Task requirements => Once the line containing "unfolding sum_p[symmetric] by" is found, copy it and each subsequent line exactly. Stop at the end of the records below.

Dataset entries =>
::::::::::

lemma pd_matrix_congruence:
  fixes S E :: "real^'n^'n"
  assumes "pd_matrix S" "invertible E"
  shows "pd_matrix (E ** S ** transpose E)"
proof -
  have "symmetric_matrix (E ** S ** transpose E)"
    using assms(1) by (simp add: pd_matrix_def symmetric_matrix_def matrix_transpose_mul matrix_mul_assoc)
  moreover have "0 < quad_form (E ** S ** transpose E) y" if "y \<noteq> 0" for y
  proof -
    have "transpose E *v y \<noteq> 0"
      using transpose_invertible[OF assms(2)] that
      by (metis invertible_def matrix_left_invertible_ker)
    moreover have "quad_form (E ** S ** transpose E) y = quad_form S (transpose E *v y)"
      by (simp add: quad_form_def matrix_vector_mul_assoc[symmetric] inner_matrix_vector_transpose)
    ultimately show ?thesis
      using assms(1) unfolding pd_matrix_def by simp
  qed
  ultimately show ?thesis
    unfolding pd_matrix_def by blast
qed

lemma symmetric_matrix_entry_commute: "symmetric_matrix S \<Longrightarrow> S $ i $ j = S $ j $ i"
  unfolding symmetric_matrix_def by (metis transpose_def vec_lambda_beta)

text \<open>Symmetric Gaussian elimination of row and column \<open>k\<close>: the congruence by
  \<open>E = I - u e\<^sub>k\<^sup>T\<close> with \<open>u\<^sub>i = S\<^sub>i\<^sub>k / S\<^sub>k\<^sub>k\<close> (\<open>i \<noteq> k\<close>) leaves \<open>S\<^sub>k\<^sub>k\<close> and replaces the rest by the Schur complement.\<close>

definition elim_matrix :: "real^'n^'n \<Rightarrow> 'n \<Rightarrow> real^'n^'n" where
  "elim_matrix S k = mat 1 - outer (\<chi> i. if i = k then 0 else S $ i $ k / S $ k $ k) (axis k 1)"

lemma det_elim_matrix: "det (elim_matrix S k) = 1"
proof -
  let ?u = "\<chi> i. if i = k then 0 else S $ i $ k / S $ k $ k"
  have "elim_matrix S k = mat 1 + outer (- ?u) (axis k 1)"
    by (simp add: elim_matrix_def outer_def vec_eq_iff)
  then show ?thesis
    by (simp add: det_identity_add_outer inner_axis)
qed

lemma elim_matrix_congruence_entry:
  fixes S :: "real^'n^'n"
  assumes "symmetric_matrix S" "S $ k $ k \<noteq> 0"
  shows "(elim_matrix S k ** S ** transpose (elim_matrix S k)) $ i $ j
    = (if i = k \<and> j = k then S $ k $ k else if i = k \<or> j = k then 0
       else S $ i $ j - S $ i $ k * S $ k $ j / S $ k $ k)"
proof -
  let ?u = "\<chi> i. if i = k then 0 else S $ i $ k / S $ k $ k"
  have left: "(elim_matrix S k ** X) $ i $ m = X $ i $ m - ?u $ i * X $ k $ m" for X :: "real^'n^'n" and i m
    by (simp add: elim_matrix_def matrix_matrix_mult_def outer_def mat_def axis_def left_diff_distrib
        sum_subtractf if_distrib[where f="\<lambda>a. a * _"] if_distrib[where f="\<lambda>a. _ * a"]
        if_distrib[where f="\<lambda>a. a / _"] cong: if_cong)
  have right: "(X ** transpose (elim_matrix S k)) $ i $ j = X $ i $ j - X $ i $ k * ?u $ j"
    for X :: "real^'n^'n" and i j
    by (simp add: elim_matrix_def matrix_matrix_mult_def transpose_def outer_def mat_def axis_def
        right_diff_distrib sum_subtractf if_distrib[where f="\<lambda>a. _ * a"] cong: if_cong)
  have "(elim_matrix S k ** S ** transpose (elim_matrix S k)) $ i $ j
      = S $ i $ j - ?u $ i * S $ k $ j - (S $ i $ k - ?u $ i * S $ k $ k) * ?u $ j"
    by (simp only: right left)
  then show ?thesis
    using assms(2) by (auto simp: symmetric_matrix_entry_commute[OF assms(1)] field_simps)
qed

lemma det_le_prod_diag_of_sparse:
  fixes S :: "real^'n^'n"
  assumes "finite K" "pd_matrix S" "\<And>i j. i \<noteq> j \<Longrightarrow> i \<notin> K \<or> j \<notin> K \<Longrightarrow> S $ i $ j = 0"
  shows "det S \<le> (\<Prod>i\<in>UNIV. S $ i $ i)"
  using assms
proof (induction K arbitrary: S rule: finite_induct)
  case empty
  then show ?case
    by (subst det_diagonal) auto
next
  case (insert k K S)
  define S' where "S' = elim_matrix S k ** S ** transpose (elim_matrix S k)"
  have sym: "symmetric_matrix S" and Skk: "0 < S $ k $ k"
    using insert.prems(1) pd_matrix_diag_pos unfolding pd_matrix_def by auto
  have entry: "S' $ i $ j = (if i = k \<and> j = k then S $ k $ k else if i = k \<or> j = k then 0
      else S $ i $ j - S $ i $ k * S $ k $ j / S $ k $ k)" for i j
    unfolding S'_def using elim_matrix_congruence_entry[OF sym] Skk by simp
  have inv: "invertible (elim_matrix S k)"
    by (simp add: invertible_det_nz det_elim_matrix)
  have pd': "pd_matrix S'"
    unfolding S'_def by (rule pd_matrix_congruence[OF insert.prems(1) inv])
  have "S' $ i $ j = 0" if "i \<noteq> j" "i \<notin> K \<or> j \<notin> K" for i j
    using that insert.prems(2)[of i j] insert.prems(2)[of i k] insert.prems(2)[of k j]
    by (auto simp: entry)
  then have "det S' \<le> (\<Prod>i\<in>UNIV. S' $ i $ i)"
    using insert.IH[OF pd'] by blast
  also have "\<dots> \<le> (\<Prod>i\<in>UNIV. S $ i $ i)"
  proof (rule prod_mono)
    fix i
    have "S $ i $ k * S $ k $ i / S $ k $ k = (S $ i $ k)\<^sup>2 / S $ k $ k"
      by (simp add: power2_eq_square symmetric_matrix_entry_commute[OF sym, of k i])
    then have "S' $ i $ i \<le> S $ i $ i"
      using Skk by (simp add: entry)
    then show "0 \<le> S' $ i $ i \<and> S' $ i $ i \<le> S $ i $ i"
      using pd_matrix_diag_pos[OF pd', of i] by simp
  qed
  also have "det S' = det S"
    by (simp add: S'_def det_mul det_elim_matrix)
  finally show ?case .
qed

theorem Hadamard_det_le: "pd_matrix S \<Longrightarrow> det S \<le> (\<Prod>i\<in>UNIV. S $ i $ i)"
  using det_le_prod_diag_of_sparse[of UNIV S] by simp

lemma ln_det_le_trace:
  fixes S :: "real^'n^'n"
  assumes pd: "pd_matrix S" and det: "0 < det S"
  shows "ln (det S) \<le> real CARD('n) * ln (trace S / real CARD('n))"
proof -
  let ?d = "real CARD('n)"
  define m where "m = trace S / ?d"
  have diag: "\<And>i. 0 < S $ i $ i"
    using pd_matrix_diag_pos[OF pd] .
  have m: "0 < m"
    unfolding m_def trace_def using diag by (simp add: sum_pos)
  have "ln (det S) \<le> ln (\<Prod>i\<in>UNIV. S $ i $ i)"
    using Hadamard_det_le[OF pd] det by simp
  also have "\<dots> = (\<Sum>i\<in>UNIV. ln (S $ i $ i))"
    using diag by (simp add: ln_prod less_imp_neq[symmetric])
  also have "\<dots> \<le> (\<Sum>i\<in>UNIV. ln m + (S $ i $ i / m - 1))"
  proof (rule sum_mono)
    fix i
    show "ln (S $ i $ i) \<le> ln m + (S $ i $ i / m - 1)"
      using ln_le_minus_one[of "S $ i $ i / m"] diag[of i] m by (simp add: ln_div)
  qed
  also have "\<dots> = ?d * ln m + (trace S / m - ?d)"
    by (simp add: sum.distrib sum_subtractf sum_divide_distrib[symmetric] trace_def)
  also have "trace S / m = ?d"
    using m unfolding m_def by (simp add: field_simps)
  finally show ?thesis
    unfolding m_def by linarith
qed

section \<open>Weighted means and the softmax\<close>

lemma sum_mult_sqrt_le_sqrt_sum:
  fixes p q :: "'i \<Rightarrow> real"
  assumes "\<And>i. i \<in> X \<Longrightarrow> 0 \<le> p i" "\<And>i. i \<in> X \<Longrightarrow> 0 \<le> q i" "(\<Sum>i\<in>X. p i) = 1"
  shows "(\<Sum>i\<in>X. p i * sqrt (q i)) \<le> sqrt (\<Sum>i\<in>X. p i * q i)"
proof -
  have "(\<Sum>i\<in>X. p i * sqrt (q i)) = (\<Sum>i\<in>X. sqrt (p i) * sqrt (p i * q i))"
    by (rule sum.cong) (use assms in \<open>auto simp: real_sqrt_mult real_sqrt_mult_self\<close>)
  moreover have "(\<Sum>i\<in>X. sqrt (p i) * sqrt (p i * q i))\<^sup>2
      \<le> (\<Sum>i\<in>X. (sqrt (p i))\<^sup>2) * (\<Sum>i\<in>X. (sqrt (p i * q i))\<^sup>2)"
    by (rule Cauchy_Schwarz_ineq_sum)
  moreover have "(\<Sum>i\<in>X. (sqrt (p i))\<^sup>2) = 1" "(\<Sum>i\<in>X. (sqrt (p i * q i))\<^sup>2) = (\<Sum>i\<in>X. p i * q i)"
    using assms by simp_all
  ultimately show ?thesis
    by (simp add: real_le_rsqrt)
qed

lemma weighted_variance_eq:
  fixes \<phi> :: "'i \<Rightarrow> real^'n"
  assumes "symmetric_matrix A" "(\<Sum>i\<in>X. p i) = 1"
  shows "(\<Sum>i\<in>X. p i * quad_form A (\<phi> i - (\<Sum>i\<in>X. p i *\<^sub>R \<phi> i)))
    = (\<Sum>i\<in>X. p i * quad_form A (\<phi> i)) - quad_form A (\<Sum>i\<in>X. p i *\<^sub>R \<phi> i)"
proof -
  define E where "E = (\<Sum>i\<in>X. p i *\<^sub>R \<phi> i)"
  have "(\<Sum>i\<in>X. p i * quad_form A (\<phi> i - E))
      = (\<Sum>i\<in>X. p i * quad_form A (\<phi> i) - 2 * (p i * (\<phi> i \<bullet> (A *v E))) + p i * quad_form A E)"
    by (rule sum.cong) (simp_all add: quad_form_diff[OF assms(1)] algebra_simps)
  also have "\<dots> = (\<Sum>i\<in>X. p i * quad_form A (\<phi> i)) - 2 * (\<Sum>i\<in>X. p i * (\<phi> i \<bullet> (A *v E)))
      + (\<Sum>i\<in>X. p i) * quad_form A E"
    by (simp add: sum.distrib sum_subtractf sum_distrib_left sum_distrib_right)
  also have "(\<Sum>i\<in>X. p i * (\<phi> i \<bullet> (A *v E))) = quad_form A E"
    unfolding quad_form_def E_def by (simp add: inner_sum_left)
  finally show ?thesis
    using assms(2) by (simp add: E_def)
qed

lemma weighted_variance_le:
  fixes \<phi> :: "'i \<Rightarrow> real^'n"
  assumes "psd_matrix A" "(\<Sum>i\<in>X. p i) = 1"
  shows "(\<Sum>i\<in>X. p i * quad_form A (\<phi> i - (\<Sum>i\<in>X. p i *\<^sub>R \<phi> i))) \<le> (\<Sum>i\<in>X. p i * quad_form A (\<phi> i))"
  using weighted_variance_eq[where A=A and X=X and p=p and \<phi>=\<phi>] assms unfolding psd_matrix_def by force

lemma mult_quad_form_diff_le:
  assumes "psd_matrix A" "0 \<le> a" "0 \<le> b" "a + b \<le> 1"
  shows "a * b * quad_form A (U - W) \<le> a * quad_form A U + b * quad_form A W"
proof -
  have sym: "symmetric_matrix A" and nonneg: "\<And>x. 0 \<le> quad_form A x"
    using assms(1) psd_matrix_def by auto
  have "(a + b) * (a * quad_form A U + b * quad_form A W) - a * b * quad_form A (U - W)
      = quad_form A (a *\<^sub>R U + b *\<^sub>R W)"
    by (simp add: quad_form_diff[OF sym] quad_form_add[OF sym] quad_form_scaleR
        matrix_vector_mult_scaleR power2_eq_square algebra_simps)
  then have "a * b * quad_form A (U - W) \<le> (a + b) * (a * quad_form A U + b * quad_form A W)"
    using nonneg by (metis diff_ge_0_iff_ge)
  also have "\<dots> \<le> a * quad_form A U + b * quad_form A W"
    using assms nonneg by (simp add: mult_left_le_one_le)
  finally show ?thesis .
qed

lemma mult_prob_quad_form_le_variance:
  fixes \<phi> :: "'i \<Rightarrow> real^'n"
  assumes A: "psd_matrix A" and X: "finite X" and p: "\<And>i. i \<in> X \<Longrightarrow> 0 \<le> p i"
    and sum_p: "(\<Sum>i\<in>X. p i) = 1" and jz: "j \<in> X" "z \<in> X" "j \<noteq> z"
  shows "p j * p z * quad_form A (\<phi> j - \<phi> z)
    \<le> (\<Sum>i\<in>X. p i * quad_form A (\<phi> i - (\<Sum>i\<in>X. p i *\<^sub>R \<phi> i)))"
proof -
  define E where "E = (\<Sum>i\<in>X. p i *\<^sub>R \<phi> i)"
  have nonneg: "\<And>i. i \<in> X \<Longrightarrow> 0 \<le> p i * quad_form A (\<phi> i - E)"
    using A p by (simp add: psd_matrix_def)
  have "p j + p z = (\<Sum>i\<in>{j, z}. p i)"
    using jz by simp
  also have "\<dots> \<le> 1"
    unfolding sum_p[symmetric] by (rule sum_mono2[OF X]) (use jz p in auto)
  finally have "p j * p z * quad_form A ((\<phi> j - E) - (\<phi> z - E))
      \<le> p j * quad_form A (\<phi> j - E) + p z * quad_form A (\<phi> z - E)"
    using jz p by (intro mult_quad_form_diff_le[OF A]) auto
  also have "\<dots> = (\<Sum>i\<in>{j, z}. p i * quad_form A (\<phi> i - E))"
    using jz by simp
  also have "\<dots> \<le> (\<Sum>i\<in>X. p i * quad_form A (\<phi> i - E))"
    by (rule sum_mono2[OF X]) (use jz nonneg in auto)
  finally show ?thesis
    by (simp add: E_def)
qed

::::::::::

Problem solution =>
    unfolding sum_p[symmetric] by (rule sum_mono2[OF X]) (use jz p in auto)
  finally have "p j * p z * quad_form A ((\<phi> j - E) - (\<phi> z - E))
      \<le> p j * quad_form A (\<phi> j - E) + p z * quad_form A (\<phi> z - E)"
    using jz p by (intro mult_quad_form_diff_le[OF A]) auto
  also have "\<dots> = (\<Sum>i\<in>{j, z}. p i * quad_form A (\<phi> i - E))"
    using jz by simp
  also have "\<dots> \<le> (\<Sum>i\<in>X. p i * quad_form A (\<phi> i - E))"
    by (rule sum_mono2[OF X]) (use jz nonneg in auto)
  finally show ?thesis
    by (simp add: E_def)
qed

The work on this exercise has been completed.